Just to be fully transparent, here is the real original config file with all the comments and messyness, just removed the batch processor just in case, turns out it doesn't change anything...

otel-collector config file ``` receivers: otlp: protocols: grpc: docker_stats: endpoint: "unix:///var/run/docker.sock" api_version: 1.41 collection_interval: 2s timeout: 20s exporters: prometheus: endpoint: "0.0.0.0:8889" #const_labels: # label1: value1 logging: verbosity: detailed #zipkin: # endpoint: "http://zipkin-all-in-one:9411/api/v2/spans" # format: proto #jaeger: # endpoint: jaeger-all-in-one:14250 # tls: # insecure: true processors: batch: extensions: health_check: pprof: endpoint: :1888 zpages: endpoint: :55679 service: telemetry: logs: level: "debug" extensions: [pprof, zpages, health_check] pipelines: #traces: # receivers: [otlp] # processors: [batch] # #exporters: [logging, zipkin, jaeger] # exporters: [logging] #metrics: # receivers: [otlp] # processors: [batch] # #exporters: [logging, prometheus] # exporters: [prometheus] metrics/docker-orion: receivers: [docker_stats] processors: [] exporters: [logging,prometheus] ```

As I'm seeing all these stats I believe it answers one of my question as docker_stats should indeed exports metrics for each container, and otel-collector with docker-stats is a good candidate for me to replace cadvisor that is eating up my CPU on my poor synology NAS

Seeing it shows up in the logs now I'm guessing I messed up some config, still very new to otel, sorry if I flagged this as a docke_stats issue where it might very well be a misstake by me, if you can help me find it that would be great !

Not that I tried the same setup on an ubuntu VM runing docker, just to insure there is no trickery specifi to synology and no, same setup also does not give the per container metrics in the /metrics endpoint of otel-collector :(

jamesmoessis commented 1 year ago

No problem at all @toxic0berliner - it does looks like it's something to do with the prom exporter.

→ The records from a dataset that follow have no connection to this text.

lemma bounded_if_weakly_bounded:
  assumes "T 0 = 0" and weak: "\<And>\<eta>. \<exists>M. \<forall>x\<in>D. cmod (ip \<eta> (T x)) \<le> M * nm x"
  shows "\<exists>C\<ge>0. \<forall>x\<in>D. nm (T x) \<le> C * nm x"
proof -
  define v where "v x = sm (complex_of_real (1 / nm x)) (T x)" for x
  have "\<exists>M. \<forall>x\<in>D - {0}. cmod (ip \<eta> (v x)) \<le> M" for \<eta>
  proof -
    obtain M where M: "\<forall>x\<in>D. cmod (ip \<eta> (T x)) \<le> M * nm x"
      using weak by blast
    have "cmod (ip \<eta> (v x)) \<le> M" if "x \<in> D - {0}" for x
    proof -
      have "0 < nm x" using that hnorm_nonneg[of x] by (metis DiffE hnorm_eq_zero insertCI order_le_less)
      then have "cmod (ip \<eta> (v x)) = cmod (ip \<eta> (T x)) / nm x"
        by (simp add: v_def inner_smult_right norm_divide)
      also have "\<dots> \<le> M" using M that \<open>0 < nm x\<close> by (simp add: divide_le_eq)
      finally show ?thesis .
    qed
    then show ?thesis by blast
  qed
  then obtain C where C: "\<forall>x\<in>D - {0}. nm (v x) \<le> C"
    using uniform_boundedness by blast
  have "nm (T x) \<le> max C 0 * nm x" if "x \<in> D" for x
  proof (cases "x = 0")
    case False
    then have "nm (T x) = nm x * nm (v x)"
      unfolding v_def hnorm_smult norm_of_real using hnorm_nonneg[of x] by simp
    also have "\<dots> \<le> nm x * max C 0"
      using C that False by (intro mult_left_mono) (auto simp: hnorm_nonneg le_max_iff_disj)
    finally show ?thesis by (simp add: mult.commute)
  qed (simp add: \<open>T 0 = 0\<close>)
  then show ?thesis by (intro exI[of _ "max C 0"]) auto
qed

lemma bounded_operator_graph_closure:
  assumes dense: "hclosure Q D = UNIV"
    and diff_mem: "\<And>x y. x \<in> D \<Longrightarrow> y \<in> D \<Longrightarrow> x - y \<in> D"
    and diff: "\<And>x y. x \<in> D \<Longrightarrow> y \<in> D \<Longrightarrow> T (x - y) = T x - T y"
    and "0 \<le> C" and bound: "\<And>x. x \<in> D \<Longrightarrow> nm (T x) \<le> C * nm x"
  shows "bounded_operator_graph Q (closure_graph Q D T)"
  unfolding bounded_operator_graph_def
proof (intro conjI allI exI[of _ C])
  fix u
  obtain s where s: "\<And>n. s n \<in> D" "hconv Q s u"
    using dense_approximating_seq[OF dense] by blast
  have "hcauchy Q (\<lambda>n. T (s n))"
    using hconv_imp_hcauchy[OF s(2)] \<open>0 \<le> C\<close>
    by (rule hcauchy_Lipschitz_image) (metis bound diff diff_mem s(1))
  then obtain v where "hconv Q (\<lambda>n. T (s n)) v"
    using hcauchy_convergent by blast
  with s show "\<exists>v. (u, v) \<in> closure_graph Q D T"
    unfolding closure_graph_def by blast
next
  show "\<forall>(u, v)\<in>closure_graph Q D T. nm v \<le> C * nm u"
  proof (clarsimp simp: closure_graph_def)
    fix u v s
    assume "\<forall>n. s n \<in> D" "hconv Q s u" "hconv Q (\<lambda>n. T (s n)) v"
    then show "nm v \<le> C * nm u"
      by (intro LIMSEQ_le[OF hconv_hnorm tendsto_mult_left[OF hconv_hnorm]]) (auto intro: bound)
  qed
qed

end

locale hilbert_quasi_star = hilbert_space +
  assumes alg_zero: "0 \<in> alg Q"
    and alg_add: "x \<in> alg Q \<Longrightarrow> y \<in> alg Q \<Longrightarrow> x + y \<in> alg Q"
    and alg_smult: "x \<in> alg Q \<Longrightarrow> smult Q a x \<in> alg Q"
    and alg_dense: "hclosure Q (alg Q) = UNIV"
    and alg_mult: "x \<in> alg Q \<Longrightarrow> y \<in> alg Q \<Longrightarrow> mult Q x y \<in> alg Q"
    and alg_star: "x \<in> alg Q \<Longrightarrow> star Q x \<in> alg Q"
    and alg_mult_assoc: "x \<in> alg Q \<Longrightarrow> y \<in> alg Q \<Longrightarrow> z \<in> alg Q \<Longrightarrow>
      mult Q (mult Q x y) z = mult Q x (mult Q y z)"
    and alg_mult_add_right: "x \<in> alg Q \<Longrightarrow> y \<in> alg Q \<Longrightarrow> z \<in> alg Q \<Longrightarrow>
      mult Q x (y + z) = mult Q x y + mult Q x z"
    and alg_mult_smult_right: "x \<in> alg Q \<Longrightarrow> y \<in> alg Q \<Longrightarrow>
      mult Q x (smult Q a y) = smult Q a (mult Q x y)"
    and alg_star_star: "x \<in> alg Q \<Longrightarrow> star Q (star Q x) = x"
    and alg_star_mult: "x \<in> alg Q \<Longrightarrow> y \<in> alg Q \<Longrightarrow>
      star Q (mult Q x y) = mult Q (star Q y) (star Q x)"
    and alg_inner_mult_left: "x \<in> alg Q \<Longrightarrow> y \<in> alg Q \<Longrightarrow> z \<in> alg Q \<Longrightarrow>
      inner Q (mult Q x y) z = inner Q y (mult Q (star Q x) z)"
    and alg_inner_star: "x \<in> alg Q \<Longrightarrow> y \<in> alg Q \<Longrightarrow> inner Q x y = inner Q (star Q y) (star Q x)"
    and hcont_mult_right: "x \<in> alg Q \<Longrightarrow> hcont Q (\<lambda>\<xi>. mult Q \<xi> x)"
    and hcont_star: "hcont Q (star Q)"

lemma hilbert_quasi_star_if_algebra:
  "hilbert_quasi_star_algebra Q \<Longrightarrow> hilbert_quasi_star Q"
  unfolding hilbert_quasi_star_algebra_def
  by (elim conjE) (intro hilbert_quasi_star.intro hilbert_quasi_star_axioms.intro
      hilbert_space_if_complex_hilbert_space; metis)

context hilbert_quasi_star
begin

abbreviation "A0 \<equiv> alg Q"
abbreviation "mul \<equiv> mult Q"
abbreviation "st \<equiv> star Q"

lemma alg_diff: "x \<in> A0 \<Longrightarrow> y \<in> A0 \<Longrightarrow> x - y \<in> A0"
  using alg_add[OF _ alg_smult[of y "-1"]] by (simp add: smult_minus_one)

lemma alg_lincomb: "(\<And>i. i < (n::nat) \<Longrightarrow> v i \<in> A0) \<Longrightarrow> (\<Sum>i<n. sm (c i) (v i)) \<in> A0"
  by (induction n) (simp_all add: alg_zero alg_add alg_smult)

lemma alg_sq_subset_alg: "alg_sq Q \<subseteq> A0"
  unfolding alg_sq_def hspan_def by (auto intro!: alg_lincomb simp: alg_mult)

lemma star_star: "st (st \<xi>) = \<xi>"
  by (rule hcont_eq_on_dense[OF alg_dense hcont_comp[OF hcont_star hcont_star] hcont_id])
    (rule alg_star_star)

lemma mult_add_right: "x \<in> A0 \<Longrightarrow> y \<in> A0 \<Longrightarrow> mul \<xi> (x + y) = mul \<xi> x + mul \<xi> y"
  by (rule hcont_eq_on_dense[OF alg_dense hcont_mult_right hcont_add[OF hcont_mult_right hcont_mult_right]])
    (simp_all add: alg_add alg_mult_add_right)

lemma mult_smult_right: "x \<in> A0 \<Longrightarrow> mul \<xi> (sm a x) = sm a (mul \<xi> x)"
  by (rule hcont_eq_on_dense[OF alg_dense hcont_mult_right hcont_smult[OF hcont_mult_right]])
    (simp_all add: alg_smult alg_mult_smult_right)

lemma mult_zero_right: "mul \<xi> 0 = 0"
  using mult_smult_right[OF alg_zero, of \<xi> 0] by simp

lemma mult_diff_right: "x \<in> A0 \<Longrightarrow> y \<in> A0 \<Longrightarrow> mul \<xi> (x - y) = mul \<xi> x - mul \<xi> y"
  using mult_add_right[OF _ alg_smult[of y "-1"], of x \<xi>] mult_smult_right[of y \<xi> "-1"]
  by (simp add: smult_minus_one)

lemma mult_lincomb_right:
  "(\<And>i. i < (n::nat) \<Longrightarrow> v i \<in> A0) \<Longrightarrow>
    mul \<xi> (\<Sum>i<n. sm (c i) (v i)) = (\<Sum>i<n. sm (c i) (mul \<xi> (v i)))"
  by (induction n) (simp_all add: mult_zero_right mult_add_right mult_smult_right alg_lincomb alg_smult)

lemma mult_mult_right: "x \<in> A0 \<Longrightarrow> y \<in> A0 \<Longrightarrow> mul \<xi> (mul y x) = mul (mul \<xi> y) x"
  by (rule hcont_eq_on_dense[OF alg_dense hcont_mult_right hcont_comp[OF hcont_mult_right hcont_mult_right]])
    (simp_all add: alg_mult alg_mult_assoc)

lemma alg_inner_mult_right:
  assumes x: "x \<in> A0" and z: "z \<in> A0" and w: "w \<in> A0"
  shows "ip (mul z x) w = ip z (mul w (st x))"
proof -
  have "ip (mul z x) w = ip (st w) (mul (st x) (st z))"
    using alg_inner_star[OF alg_mult[OF z x] w] alg_star_mult[OF z x] by simp
  also have "\<dots> = ip (mul x (st w)) (st z)"
    by (rule alg_inner_mult_left[OF x alg_star[OF w] alg_star[OF z], symmetric])
  also have "\<dots> = ip (st (st z)) (mul (st (st w)) (st x))"
    using alg_inner_star[OF alg_mult[OF x alg_star[OF w]] alg_star[OF z]]
      alg_star_mult[OF x alg_star[OF w]] by simp
  also have "\<dots> = ip z (mul w (st x))"
    using z w by (simp add: alg_star_star)
  finally show ?thesis .
qed

lemma inner_mult_right:
  assumes x: "x \<in> A0"
  shows "ip (mul \<zeta> x) \<omega> = ip \<zeta> (mul \<omega> (st x))"
proof -
  have on_alg: "ip (mul \<zeta> x) w = ip \<zeta> (mul w (st x))" if w: "w \<in> A0" for w \<zeta>
    by (rule hcont_functional_eq_on_dense[OF alg_dense
          hcont_functional_inner_left[OF hcont_mult_right[OF x]]
          hcont_functional_inner_left[OF hcont_id] alg_inner_mult_right[OF x _ w]])
  show ?thesis
    by (rule hcont_functional_eq_on_dense[OF alg_dense
          hcont_functional_inner_right[OF hcont_id]
          hcont_functional_inner_right[OF hcont_mult_right[OF alg_star[OF x]]] on_alg])
qed

lemma inner_mult_left:
  assumes "x \<in> A0" "y \<in> A0"
  shows "ip (mul \<xi> x) y = ip x (mul (st \<xi>) y)"
  by (rule hcont_functional_eq_on_dense[OF alg_dense
        hcont_functional_inner_left[OF hcont_mult_right[OF assms(1)]]
        hcont_functional_inner_right[OF hcont_comp[OF hcont_star hcont_mult_right[OF assms(2)]]]
        alg_inner_mult_left[OF _ assms]])

lemma right_mult_star_iff:
  "\<eta> \<in> right_mult Q (st \<xi>) \<longleftrightarrow> (\<exists>\<zeta>. \<forall>x\<in>A0. \<forall>y\<in>A0. ip (mul \<xi> y) (mul \<eta> x) = ip y (mul \<zeta> x))"
proof -
  have "ip (mul \<eta> x) (mul \<xi> y) = ip (mul \<zeta> x) y \<longleftrightarrow> ip (mul \<xi> y) (mul \<eta> x) = ip y (mul \<zeta> x)"
    for x y \<zeta>
    by (metis inner_commute)
  then show ?thesis
    unfolding right_mult_def star_star by simp
qed

lemma inner_mult_mult:
  assumes "x \<in> A0" "y \<in> A0"
  shows "ip (mul \<xi> (mul y x)) \<eta> = ip (mul \<xi> y) (mul \<eta> (st x))"
  by (simp only: mult_mult_right[OF assms] inner_mult_right[OF assms(1)])

lemma mult_mem_alg_sq: "x \<in> A0 \<Longrightarrow> y \<in> A0 \<Longrightarrow> mul x y \<in> alg_sq Q"
  unfolding alg_sq_def hspan_def
  by (intro CollectI exI[of _ 1] exI[of _ "\<lambda>_. 1"] exI[of _ "\<lambda>_. mul x y"]) auto

lemma inner_mult_eq_on_hspan:
  assumes "S \<subseteq> A0" and eq: "\<And>v. v \<in> S \<Longrightarrow> ip (mul \<xi> v) \<eta> = ip v \<zeta>" and "z \<in> hspan Q S"
  shows "ip (mul \<xi> z) \<eta> = ip z \<zeta>"
proof -
  obtain n c v where v: "\<And>i. i < (n::nat) \<Longrightarrow> v i \<in> S" and z: "z = (\<Sum>i<n. sm (c i) (v i))"
    using \<open>z \<in> hspan Q S\<close> unfolding hspan_def by blast
  have "\<And>i. i < n \<Longrightarrow> v i \<in> A0"
    using v \<open>S \<subseteq> A0\<close> by blast
  then have "ip (mul \<xi> z) \<eta> = (\<Sum>i<n. c i * ip (mul \<xi> (v i)) \<eta>)"
    by (simp add: z mult_lincomb_right inner_lincomb_left)
  also have "\<dots> = ip z \<zeta>"
    using v by (simp add: z inner_lincomb_left eq)
  finally show ?thesis .
qed
(* Let $A$ be a non-negative, irreducible $d\times d$ matrix with $\rho(A)>1$, and let $M=(I-A^T)(I-A)$ and $N=(I-A)(I-A^T)$. Suppose an entrywise strictly positive matrix $X$ is a local minimum of problem (P). Then the following hold. - $X$ is a global minimum of (P). - Let $\mathbf v$ be the right leading eigenvector of $X$ with $\|\mathbf v\|=1$. Then $\mathbf v$ is an eigenvector of $M$ associated with its smallest eigenvalue $\mu$, and $\mu>0$. - The vector $\mathbf u=\frac1{\sqrt\mu}(A-I)\mathbf v$ is a non-negative left leading eigenvector of $X$ and an eigenvector of $N$ associated with its smallest eigenvalue. - $X=A-(A-I)\mathbf v\mathbf v^T$ and $\|X-A\|=\sqrt\mu$. In particular, if $M$ has no non-negative unit eigenvector $\mathbf v$ for its smallest eigenvalue $\mu$ such that $(A-I)\mathbf v\ge0$ and $A-(A-I)\mathbf v\mathbf v^T\ge0$, then (P) has no strictly positive local minimum.
   Context: $\rho(\cdot)$ denotes spectral radius and $\|\cdot\|$ the Frobenius norm (Euclidean norm for vectors). Problem (P) for a non-negative square matrix $A$ is: minimize $\|X-A\|$ subject to $X\ge0$ (entrywise) and $\rho(X)\le1$. A local minimum of (P) is a feasible $X$ with a neighbourhood $U$ such that $\|Y-A\|\ge\|X-A\|$ for all feasible $Y\in U$. Leading eigenvectors are the non-negative eigenvectors for the eigenvalue $\rho(X)$ given by Perron–Frobenius. *)

theory Defs
  imports "HOL-Analysis.Analysis"
begin

text \<open>Matrices are real d x d matrices indexed by a finite type 'n (d = CARD('n)).
  The Frobenius norm of a matrix in real^'n^'n is the library norm (Euclidean norm
  of all entries); vectors likewise use the Euclidean norm.\<close>

fun matpow :: "real^'n^'n \<Rightarrow> nat \<Rightarrow> real^'n^'n" where
  "matpow X 0 = mat 1"
| "matpow X (Suc k) = X ** matpow X k"

definition nonneg_mat :: "real^'n^'n \<Rightarrow> bool" where
  "nonneg_mat X \<longleftrightarrow> (\<forall>i j. X $ i $ j \<ge> 0)"

definition pos_mat :: "real^'n^'n \<Rightarrow> bool" where
  "pos_mat X \<longleftrightarrow> (\<forall>i j. X $ i $ j > 0)"

definition nonneg_vec :: "real^'n \<Rightarrow> bool" where
  "nonneg_vec v \<longleftrightarrow> (\<forall>i. v $ i \<ge> 0)"

definition irreducible_mat :: "real^'n^'n \<Rightarrow> bool" where
  "irreducible_mat X \<longleftrightarrow> (\<forall>i j. \<exists>k. matpow X k $ i $ j > 0)"

definition cmat :: "real^'n^'n \<Rightarrow> complex^'n^'n" where
  "cmat X = (\<chi> i j. complex_of_real (X $ i $ j))"

definition is_eigenvalue :: "real^'n^'n \<Rightarrow> complex \<Rightarrow> bool" where
  "is_eigenvalue X l \<longleftrightarrow> (\<exists>v::complex^'n. v \<noteq> 0 \<and> cmat X *v v = l *s v)"

definition spectral_radius :: "real^'n^'n \<Rightarrow> real" where
  "spectral_radius X = Sup {cmod l | l. is_eigenvalue X l}"

definition feasible :: "real^'n^'n \<Rightarrow> bool" where
  "feasible X \<longleftrightarrow> nonneg_mat X \<and> spectral_radius X \<le> 1"

definition local_min :: "real^'n^'n \<Rightarrow> real^'n^'n \<Rightarrow> bool" where
  "local_min A X \<longleftrightarrow> feasible X \<and>
     (\<exists>e>0. \<forall>Y. feasible Y \<and> dist Y X < e \<longrightarrow> norm (Y - A) \<ge> norm (X - A))"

My advice would be to look at how the prom exporter handles resource attributes. Unfortunately on the top of my head I don't have the answer to why those attributes aren't showing up on /metrics.

toxic0berliner commented 1 year ago

Would you maybe know how to enable some more logs on the prom exporter ?

github-actions[bot] commented 1 year ago

This issue has been inactive for 60 days. It will be closed in 60 days if there is no activity. To ping code owners by adding a component label, see Adding Labels via Comments, or if you are unsure of which component this issue relates to, please ping @open-telemetry/collector-contrib-triagers. If this issue is still relevant, please ping the code owners or leave a comment explaining why it is still relevant. Otherwise, please close it.

Pinging code owners:

See Adding Labels via Comments if you do not have permissions to add labels yourself.

toxic0berliner commented 1 year ago

Are we sure here it's not an issue with this collector and with the Prometheus exporter instead?

toxic0berliner commented 1 year ago

Can someone maybe relabel this as exporter/prometheus and help me have a look? Can't seem to find anything to solve it by myself :(

Artyomlad commented 1 year ago

Same here. To verify we used this receiver with "file exporter" (instead of Prometheus) and indeed file content contained all the docker container metrics.

In Prometheus exporter we used the flag "resource_to_telemetry_conversion: true" and it got different output that do include the individual docker containers.

toxic0berliner commented 1 year ago

Amazing will test that out thanks for the hint on this hidden setting

toxic0berliner commented 1 year ago

got it working, thanks a lot, now need to submit an enhancement request tu expose the labels as I am missing container_label_com_docker_compose_project at least, very much needed to group metrics by compose projects ;)

toxic0berliner commented 1 year ago

Can close it, works like a charm an config can be adjusted to expose docker labels so all fine and working, thanks again @Artyomlad for the kind help!